Keywords

1 Introduction

Glaucoma is one of the most primary leading causes of blindness [10]. The loss of sight due to glaucoma is irreversible while some other eye diseases such as myopia and presbyopia are not. Thus, early diagnosis of glaucoma for effective treatment and vision conservation matters a lot for patients.

However, the symptoms of glaucoma in the early stage are difficult to perceive. One of the standard methods widely used by eye specialists nowadays is the optic nerve head (ONH) assessment [10] in fundus retina images. Whereas, mastering the tricks of performing ONH assessment remains challenging. Therefore, some automatically calculated parameters were presented and popularized as quantitative clinical measurements, such as cup to disc ratio (CRD) which means the ratio of vertical cup diameter to vertical disc diameter in the fundus retina image. Generally, a larger CRD represents a higher possibility of glaucoma and vice verse.

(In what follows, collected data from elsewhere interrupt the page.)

(* Let $M$ be an adequate monoid, $\chi:\Sigma\to M$ a function and $\tau$ the map defined below. Suppose $\mu:X\to Y$ is a morphism of idempotent $\Sigma$-trees. Then $\tau(Y)\tau(X)=\tau(Y)$ in $M$.
   Context: Adequate monoid: a monoid $M$ whose idempotents commute and in which every $\mathcal{L}^*$-class and every $\mathcal{R}^*$-class contains an idempotent, where $a\,\mathcal{L}^*\,b$ iff ($ax=ay\Leftrightarrow bx=by$ for all $x,y\in M$) and $a\,\mathcal{R}^*\,b$ iff ($xa=ya\Leftrightarrow xb=yb$ for all $x,y\in M$); $x^+$ and $x^*$ denote the unique idempotents $\mathcal{R}^*$- and $\mathcal{L}^*$-related to $x$. Trees: a $\Sigma$-tree is a finite directed graph whose underlying undirected graph is a tree, each edge $e$ having initial vertex $\alpha(e)$, terminal vertex $\omega(e)$ and label $\lambda(e)\in\Sigma$, with distinguished start and end vertices such that there is a (possibly empty) directed path from start to end vertex; it is idempotent if start vertex equals end vertex. A morphism $X\to Y$ maps vertices to vertices and edges to edges, preserving $\alpha$, $\omega$ and $\lambda$, and maps start/end vertex of $X$ to start/end vertex of $Y$. The map $\tau$ from idempotent trees to idempotents of $M$ is defined recursively on the number of edges: if $X$ has no edges, $\tau(X)=1$. Otherwise let $v$ be its start (= end) vertex; for an edge $e$ with $\alpha(e)=v$ let $X_e$ be the connected component of $X$ with edge $e$ removed containing $\omega(e)$, viewed as an idempotent tree with start and end vertex $\omega(e)$; for an edge $e$ with $\omega(e)=v$ let $X_e$ be the component of $X$ with $e$ removed containing $\alpha(e)$, viewed as an idempotent tree at $\alpha(e)$. Then $\tau(X)=\prod_{e:\alpha(e)=v}[\chi(\lambda(e))\tau(X_e)]^+\cdot\prod_{e:\omega(e)=v}[\tau(X_e)\chi(\lambda(e))]^*$ (a product of commuting idempotents, independent of order). *)

theory Defs
  imports Main
begin

definition Lstar :: "'m::monoid_mult \<Rightarrow> 'm \<Rightarrow> bool" where
  "Lstar a b \<longleftrightarrow> (\<forall>x y. a * x = a * y \<longleftrightarrow> b * x = b * y)"

definition Rstar :: "'m::monoid_mult \<Rightarrow> 'm \<Rightarrow> bool" where
  "Rstar a b \<longleftrightarrow> (\<forall>x y. x * a = y * a \<longleftrightarrow> x * b = y * b)"

definition idem :: "'m::monoid_mult \<Rightarrow> bool" where
  "idem e \<longleftrightarrow> e * e = e"

class adequate_monoid = monoid_mult +
  assumes idem_commute: "e * e = e \<Longrightarrow> f * f = f \<Longrightarrow> e * f = f * e"
      and Lstar_class_idem: "\<exists>e. e * e = e \<and> (\<forall>x y. a * x = a * y \<longleftrightarrow> e * x = e * y)"
      and Rstar_class_idem: "\<exists>e. e * e = e \<and> (\<forall>x y. x * a = y * a \<longleftrightarrow> x * e = y * e)"

text \<open>x^+ and x^*: the unique idempotents R*- resp. L*-related to x.\<close>
definition plus_idem :: "'m::adequate_monoid \<Rightarrow> 'm" where
  "plus_idem x = (THE e. idem e \<and> Rstar x e)"

definition star_idem :: "'m::adequate_monoid \<Rightarrow> 'm" where
  "star_idem x = (THE e. idem e \<and> Lstar x e)"

text \<open>Product of a finite family indexed by a set, in an arbitrary enumeration order
  (used only for families of commuting idempotents, where it is order-independent).\<close>
definition set_prod :: "('a \<Rightarrow> 'm::monoid_mult) \<Rightarrow> 'a set \<Rightarrow> 'm" where
  "set_prod f S = prod_list (map f (SOME l. distinct l \<and> set l = S))"

record ('v, 'e, 's) stree =
  verts :: "'v set"
  edges :: "'e set"
  src :: "'e \<Rightarrow> 'v"
  tgt :: "'e \<Rightarrow> 'v"
  lab :: "'e \<Rightarrow> 's"
  start :: 'v
  fin :: 'v

definition ulink :: "('v, 'e, 's) stree \<Rightarrow> 'e set \<Rightarrow> ('v \<times> 'v) set" where
  "ulink X D = {(src X d, tgt X d) | d. d \<in> edges X - D} \<union> {(tgt X d, src X d) | d. d \<in> edges X - D}"

definition dlink :: "('v, 'e, 's) stree \<Rightarrow> ('v \<times> 'v) set" where
  "dlink X = {(src X d, tgt X d) | d. d \<in> edges X}"

text \<open>A Sigma-tree: finite directed graph whose underlying undirected graph is a tree
  (connected, and every edge is a bridge, i.e. no cycles), with start and end vertex
  joined by a (possibly empty) directed path.\<close>
definition is_tree :: "('v, 'e, 's) stree \<Rightarrow> bool" where
  "is_tree X \<longleftrightarrow> finite (verts X) \<and> finite (edges X)
     \<and> (\<forall>e\<in>edges X. src X e \<in> verts X \<and> tgt X e \<in> verts X)
     \<and> start X \<in> verts X \<and> fin X \<in> verts X
     \<and> (\<forall>w\<in>verts X. (start X, w) \<in> (ulink X {})\<^sup>*)
     \<and> (\<forall>e\<in>edges X. (src X e, tgt X e) \<notin> (ulink X {e})\<^sup>*)
     \<and> (start X, fin X) \<in> (dlink X)\<^sup>*"

definition idempotent_tree :: "('v, 'e, 's) stree \<Rightarrow> bool" where
  "idempotent_tree X \<longleftrightarrow> is_tree X \<and> start X = fin X"

definition tree_morphism ::
  "('v1 \<Rightarrow> 'v2) \<Rightarrow> ('e1 \<Rightarrow> 'e2) \<Rightarrow> ('v1, 'e1, 's) stree \<Rightarrow> ('v2, 'e2, 's) stree \<Rightarrow> bool" where
  "tree_morphism mv me X Y \<longleftrightarrow>
     (\<forall>v\<in>verts X. mv v \<in> verts Y)
     \<and> (\<forall>e\<in>edges X. me e \<in> edges Y
          \<and> src Y (me e) = mv (src X e) \<and> tgt Y (me e) = mv (tgt X e)
          \<and> lab Y (me e) = lab X e)
     \<and> mv (start X) = start Y \<and> mv (fin X) = fin Y"

definition subtree :: "('v, 'e, 's) stree \<Rightarrow> 'e \<Rightarrow> 'v \<Rightarrow> ('v, 'e, 's) stree" where
  "subtree X e u =
     (let C = {w \<in> verts X. (u, w) \<in> (ulink X {e})\<^sup>*} in
      X\<lparr> verts := C, edges := {d \<in> edges X - {e}. src X d \<in> C}, start := u, fin := u \<rparr>)"

text \<open>The map tau, by recursion on the number of edges (realised with fuel).\<close>
primrec tau_f :: "('s \<Rightarrow> 'm::adequate_monoid) \<Rightarrow> nat \<Rightarrow> ('v, 'e, 's) stree \<Rightarrow> 'm" where
  "tau_f chi 0 X = 1"
| "tau_f chi (Suc n) X =
     set_prod (\<lambda>e. plus_idem (chi (lab X e) * tau_f chi n (subtree X e (tgt X e))))
              {e \<in> edges X. src X e = start X}
   * set_prod (\<lambda>e. star_idem (tau_f chi n (subtree X e (src X e)) * chi (lab X e)))
              {e \<in> edges X. tgt X e = start X}"

definition tau :: "('s \<Rightarrow> 'm::adequate_monoid) \<Rightarrow> ('v, 'e, 's) stree \<Rightarrow> 'm" where
  "tau chi X = tau_f chi (card (edges X)) X"

end

theory Submission
  imports Defs
begin

text \<open>Induction on the number of edges of X. Since tau(X) is the product of the idempotents
  (chi(e) tau(X_e))^+ and (tau(X_e) chi(e))^* over the edges e at the root, it suffices that
  tau(Y) absorbs each of them. For an edge e leaving the root, f = mu(e) leaves the root of Y,
  and with a = chi(f) and s, t the values of tau on the two components of Y without f one has
  tau(Y) = (a t)^+ s, while tau of Y rerooted at the other end of f is T = (s a)^* t. The
  induction hypothesis for X_e mapped into this rerooted Y gives T tau(X_e) = T, and an identity
  valid in every adequate monoid turns this into (a t)^+ s (a tau(X_e))^+ = (a t)^+ s.
  Edges entering the root are dual.\<close>

section \<open>Adequate monoids\<close>

lemma idem_mult_idem:
  fixes e f :: "'m::monoid_mult"
  assumes "e * e = e" "f * f = f" "e * f = f * e"
  shows "(e * f) * (e * f) = e * f"
proof -
  have "(e * f) * (e * f) = e * ((f * e) * f)" by (simp add: mult.assoc)
  also have "\<dots> = e * ((e * f) * f)" using assms(3) by simp
  also have "\<dots> = (e * e) * (f * f)" by (simp add: mult.assoc)
  finally show ?thesis using assms(1,2) by simp
qed

lemma plus_idem_eqI:
  fixes x e :: "'m::adequate_monoid"
  assumes e: "e * e = e" "\<forall>a b. a * x = b * x \<longleftrightarrow> a * e = b * e"
  shows "plus_idem x = e"
  unfolding plus_idem_def
proof (rule the_equality)
  show "idem e \<and> Rstar x e" using e by (simp add: idem_def Rstar_def)
next
  fix e' assume "idem e' \<and> Rstar x e'"
  then have e': "e' * e' = e'" "\<forall>a b. a * x = b * x \<longleftrightarrow> a * e' = b * e'"
    by (simp_all add: idem_def Rstar_def)
  have "e' * x = 1 * x" using e' by (metis mult_1_left)
  then have "e' * e = e" using e by (metis mult_1_left)
  have "e * x = 1 * x" using e by (metis mult_1_left)
  then have "e * e' = e'" using e' by (metis mult_1_left)
  show "e' = e" using \<open>e' * e = e\<close> \<open>e * e' = e'\<close> idem_commute[OF e(1) e'(1)] by simp
qed

lemma star_idem_eqI:
  fixes x e :: "'m::adequate_monoid"
  assumes e: "e * e = e" "\<forall>a b. x * a = x * b \<longleftrightarrow> e * a = e * b"
  shows "star_idem x = e"
  unfolding star_idem_def
proof (rule the_equality)
  show "idem e \<and> Lstar x e" using e by (simp add: idem_def Lstar_def)
next
  fix e' assume "idem e' \<and> Lstar x e'"
  then have e': "e' * e' = e'" "\<forall>a b. x * a = x * b \<longleftrightarrow> e' * a = e' * b"
    by (simp_all add: idem_def Lstar_def)
  have "x * e' = x * 1" using e' by (metis mult_1_right)
  then have "e * e' = e" using e by (metis mult_1_right)
  have "x * e = x * 1" using e by (metis mult_1_right)
  then have "e' * e = e'" using e' by (metis mult_1_right)
  show "e' = e" using \<open>e' * e = e'\<close> \<open>e * e' = e\<close> idem_commute[OF e(1) e'(1)] by simp
qed

lemma plus_idem_Rstar:
  fixes x :: "'m::adequate_monoid"
  shows "plus_idem x * plus_idem x = plus_idem x"
    and "a * x = b * x \<longleftrightarrow> a * plus_idem x = b * plus_idem x"
proof -
  obtain e :: 'm where e: "e * e = e" "\<forall>a b. a * x = b * x \<longleftrightarrow> a * e = b * e"
    using Rstar_class_idem by blast
  with plus_idem_eqI[OF e] show "plus_idem x * plus_idem x = plus_idem x"
    and "a * x = b * x \<longleftrightarrow> a * plus_idem x = b * plus_idem x" by simp_all
qed

lemma star_idem_Lstar:
  fixes x :: "'m::adequate_monoid"
  shows "star_idem x * star_idem x = star_idem x"
    and "x * a = x * b \<longleftrightarrow> star_idem x * a = star_idem x * b"
proof -
  obtain e :: 'm where e: "e * e = e" "\<forall>a b. x * a = x * b \<longleftrightarrow> e * a = e * b"
    using Lstar_class_idem by blast
  with star_idem_eqI[OF e] show "star_idem x * star_idem x = star_idem x"
    and "x * a = x * b \<longleftrightarrow> star_idem x * a = star_idem x * b" by simp_all
qed

lemmas plus_idem_idem = plus_idem_Rstar(1)
lemmas star_idem_idem = star_idem_Lstar(1)

lemma plus_idem_mult_self: "plus_idem x * x = (x::'m::adequate_monoid)"
  using plus_idem_Rstar(2)[of "plus_idem x" x 1, THEN iffD2] plus_idem_idem[of x] by simp

lemma mult_star_idem_self: "x * star_idem x = (x::'m::adequate_monoid)"
  using star_idem_Lstar(2)[of x "star_idem x" 1, THEN iffD2] star_idem_idem[of x] by simp

lemma plus_idem_idem_mult:
  fixes e x :: "'m::adequate_monoid"
  assumes e: "e * e = e"
  shows "plus_idem (e * x) = e * plus_idem x"
proof -
  let ?p = "plus_idem (e * x)" and ?q = "e * plus_idem x"
  have c: "e * plus_idem x = plus_idem x * e" using idem_commute[OF e plus_idem_idem] .
  have q: "?q * ?q = ?q" using idem_mult_idem[OF e plus_idem_idem c] .
  have "?q * (e * x) = e * ((plus_idem x * e) * x)" by (simp add: mult.assoc)
  also have "\<dots> = e * ((e * plus_idem x) * x)" using c by simp
  also have "\<dots> = (e * e) * (plus_idem x * x)" by (simp add: mult.assoc)
  finally have "?q * (e * x) = 1 * (e * x)" using e plus_idem_mult_self[of x] by simp
  then have "?q * ?p = 1 * ?p" by (rule plus_idem_Rstar(2)[THEN iffD1])
  then have qp: "?q * ?p = ?p" by simp
  have "(?p * e) * x = e * x" using plus_idem_mult_self[of "e * x"] by (simp add: mult.assoc)
  then have "(?p * e) * plus_idem x = e * plus_idem x"
    by (rule plus_idem_Rstar(2)[THEN iffD1])
  then have pq: "?p * ?q = ?q" by (simp add: mult.assoc)
  show ?thesis using qp pq idem_commute[OF plus_idem_idem q] by metis
qed

lemma star_idem_mult_idem:
  fixes e x :: "'m::adequate_monoid"
  assumes e: "e * e = e"
  shows "star_idem (x * e) = star_idem x * e"
proof -
  let ?p = "star_idem (x * e)" and ?q = "star_idem x * e"
  have c: "star_idem x * e = e * star_idem x" using idem_commute[OF star_idem_idem e] .
  have q: "?q * ?q = ?q" using idem_mult_idem[OF star_idem_idem e c] .
  have "(x * e) * ?q = x * ((e * star_idem x) * e)" by (simp add: mult.assoc)
  also have "\<dots> = x * ((star_idem x * e) * e)" using c by simp
  also have "\<dots> = (x * star_idem x) * (e * e)" by (simp add: mult.assoc)
  finally have "(x * e) * ?q = (x * e) * 1" using e mult_star_idem_self[of x] by simp
  then have "?p * ?q = ?p * 1" by (rule star_idem_Lstar(2)[THEN iffD1])
  then have pq: "?p * ?q = ?p" by simp
  have "x * (e * ?p) = x * e" using mult_star_idem_self[of "x * e"] by (simp add: mult.assoc)
  then have "star_idem x * (e * ?p) = star_idem x * e"
    by (rule star_idem_Lstar(2)[THEN iffD1])
  then have qp: "?q * ?p = ?q" by (simp add: mult.assoc)
  show ?thesis using qp pq idem_commute[OF star_idem_idem q] by metis
qed

lemma plus_idem_mult_plus_idem: "plus_idem (x * y) * plus_idem x = plus_idem ((x::'m::adequate_monoid) * y)"
proof -
  have "plus_idem x * (x * y) = 1 * (x * y)"
    using plus_idem_mult_self[of x] by (simp add: mult.assoc[symmetric])
  then have "plus_idem x * plus_idem (x * y) = 1 * plus_idem (x * y)"
    by (rule plus_idem_Rstar(2)[THEN iffD1])
  then show ?thesis using idem_commute[OF plus_idem_idem plus_idem_idem] by (metis mult_1_left)
qed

However, manually labeling the mask of the cup or disc region is labor-consuming, which makes image-level category labels necessary and reasonable for automatically screening glaucoma.

In the past several years, Deep Learning (DL) based methods have received unprecedented attention and achieved state-of-the-art performance in many fields, including medical image analysis [14]. Glaucoma can be screened from fundus retina images by DL models which are well trained on sufficient data and precise image-level labels [4]. However, DL models trained on one single site cannot be directly generalized and applied to other sites. The distributions of training and testing data are partially different so the pre-trained model may fail to fulfill the diagnosis task.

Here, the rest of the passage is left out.